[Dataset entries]

lemma multiplicity_le:
  assumes "v \<noteq> 0"
  shows "multiplicity v \<le> \<alpha> - 1"
proof (rule ccontr)
  assume "\<not> ?thesis"
  then have "\<alpha> \<le> card {U\<in>C. v \<in> U}" unfolding multiplicity_def by simp
  then obtain A where A: "A \<subseteq> {U\<in>C. v \<in> U}" "card A = \<alpha>" "finite A"
    by (rule obtain_subset_with_card_n)
  have "vec.dim (vec.span (\<Union>A)) + (card A - 1) * vec.dim (vec.span {v}) \<le> (\<Sum>U\<in>A. vec.dim U)"
  proof (rule dim_span_Union_le)
    show "A \<noteq> {}" using A(2) alpha_ge_3 by auto
    fix U assume "U \<in> A"
    then show "vec.subspace U" "vec.span {v} \<subseteq> U"
      using A(1) subspace_codeword vec.span_minimal[of "{v}" U] by auto
  qed (fact A(3))
  moreover have "(\<Sum>U\<in>A. vec.dim U) = (\<Sum>U\<in>A. k)"
    using A(1) dim_codeword by (intro sum.cong) auto
  moreover have "vec.dim (vec.span {v}) = 1" using assms by simp
  ultimately have "vec.dim (vec.span (\<Union>A)) + (\<alpha> - 1) \<le> \<alpha> * k"
    using A(2) by simp
  moreover have "\<alpha> * k + 2 \<le> vec.dim (vec.span (\<Union>A)) + \<alpha>"
    using A by (intro dim_span_codewords_ge) auto
  moreover have "\<alpha> - 1 + 1 = \<alpha>" using alpha_ge_3 by simp
  ultimately show False by linarith
qed

text \<open>The covering condition for the \<open>\<alpha>\<close> codewords \<open>S \<union> {W}\<close>, combined with Grassmann's
  formula for \<open>span (\<Union>S)\<close> and \<open>W\<close>.\<close>
lemma dim_common_subspace_le:
  assumes "S \<subseteq> C" "card S = \<alpha> - 1" "W \<in> C" "W \<notin> S"
    and "\<And>U. U \<in> S \<Longrightarrow> Z \<subseteq> U" and "Y \<subseteq> vec.span (\<Union>S)" "Y \<subseteq> W"
  shows "(\<alpha> - 2) * vec.dim Z + vec.dim Y \<le> \<alpha> - 2"
proof -
  let ?X = "vec.span (\<Union>S)"
  have fin: "finite S" using assms(1) finite_code finite_subset by blast
  have "vec.dim ?X + (card S - 1) * vec.dim Z \<le> (\<Sum>U\<in>S. vec.dim U)"
  proof (rule dim_span_Union_le[OF fin])
    show "S \<noteq> {}" using assms(2) alpha_ge_3 by auto
  qed (use assms(1,5) subspace_codeword in auto)
  moreover have "(\<Sum>U\<in>S. vec.dim U) = (\<Sum>U\<in>S. k)"
    using assms(1) dim_codeword by (intro sum.cong) auto
  ultimately have X: "vec.dim ?X + (\<alpha> - 2) * vec.dim Z \<le> (\<alpha> - 1) * k"
    using assms(2) by (simp add: numeral_2_eq_2)
  have "vec.span (\<Union>(insert W S)) = vec.span (W \<union> ?X)"
    by (simp only: Union_insert vec.span_Un vec.span_span)
  moreover have "\<alpha> * k + 2 \<le> vec.dim (vec.span (\<Union>(insert W S))) + \<alpha>"
    using assms(1-4) fin alpha_ge_3 by (intro dim_span_codewords_ge) auto
  ultimately have WX: "\<alpha> * k + 2 \<le> vec.dim (vec.span (W \<union> ?X)) + \<alpha>" by simp
  have "vec.dim (vec.span (W \<union> ?X)) + vec.dim Y \<le> vec.dim W + vec.dim ?X"
    by (rule dim_span_Un_le) (use assms(3,6,7) subspace_codeword vec.subspace_span in auto)
  moreover have "\<alpha> * k = (\<alpha> - 1) * k + k" "\<alpha> - 2 + 2 = \<alpha>"
    using alpha_ge_3 by (cases \<alpha>; simp)+
  ultimately show ?thesis using X WX dim_codeword[OF assms(3)] by linarith
qed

# YOUR TASK
With the line containing "qed (use assms(1,5)" as the last one, please set down exactly the lines of the records above from their very first line, and nothing more.

# WORKED SOLUTION
lemma multiplicity_le:
  assumes "v \<noteq> 0"
  shows "multiplicity v \<le> \<alpha> - 1"
proof (rule ccontr)
  assume "\<not> ?thesis"
  then have "\<alpha> \<le> card {U\<in>C. v \<in> U}" unfolding multiplicity_def by simp
  then obtain A where A: "A \<subseteq> {U\<in>C. v \<in> U}" "card A = \<alpha>" "finite A"
    by (rule obtain_subset_with_card_n)
  have "vec.dim (vec.span (\<Union>A)) + (card A - 1) * vec.dim (vec.span {v}) \<le> (\<Sum>U\<in>A. vec.dim U)"
  proof (rule dim_span_Union_le)
    show "A \<noteq> {}" using A(2) alpha_ge_3 by auto
    fix U assume "U \<in> A"
    then show "vec.subspace U" "vec.span {v} \<subseteq> U"
      using A(1) subspace_codeword vec.span_minimal[of "{v}" U] by auto
  qed (fact A(3))
  moreover have "(\<Sum>U\<in>A. vec.dim U) = (\<Sum>U\<in>A. k)"
    using A(1) dim_codeword by (intro sum.cong) auto
  moreover have "vec.dim (vec.span {v}) = 1" using assms by simp
  ultimately have "vec.dim (vec.span (\<Union>A)) + (\<alpha> - 1) \<le> \<alpha> * k"
    using A(2) by simp
  moreover have "\<alpha> * k + 2 \<le> vec.dim (vec.span (\<Union>A)) + \<alpha>"
    using A by (intro dim_span_codewords_ge) auto
  moreover have "\<alpha> - 1 + 1 = \<alpha>" using alpha_ge_3 by simp
  ultimately show False by linarith
qed

text \<open>The covering condition for the \<open>\<alpha>\<close> codewords \<open>S \<union> {W}\<close>, combined with Grassmann's
  formula for \<open>span (\<Union>S)\<close> and \<open>W\<close>.\<close>
lemma dim_common_subspace_le:
  assumes "S \<subseteq> C" "card S = \<alpha> - 1" "W \<in> C" "W \<notin> S"
    and "\<And>U. U \<in> S \<Longrightarrow> Z \<subseteq> U" and "Y \<subseteq> vec.span (\<Union>S)" "Y \<subseteq> W"
  shows "(\<alpha> - 2) * vec.dim Z + vec.dim Y \<le> \<alpha> - 2"
proof -
  let ?X = "vec.span (\<Union>S)"
  have fin: "finite S" using assms(1) finite_code finite_subset by blast
  have "vec.dim ?X + (card S - 1) * vec.dim Z \<le> (\<Sum>U\<in>S. vec.dim U)"
  proof (rule dim_span_Union_le[OF fin])
    show "S \<noteq> {}" using assms(2) alpha_ge_3 by auto
  qed (use assms(1,5) subspace_codeword in auto)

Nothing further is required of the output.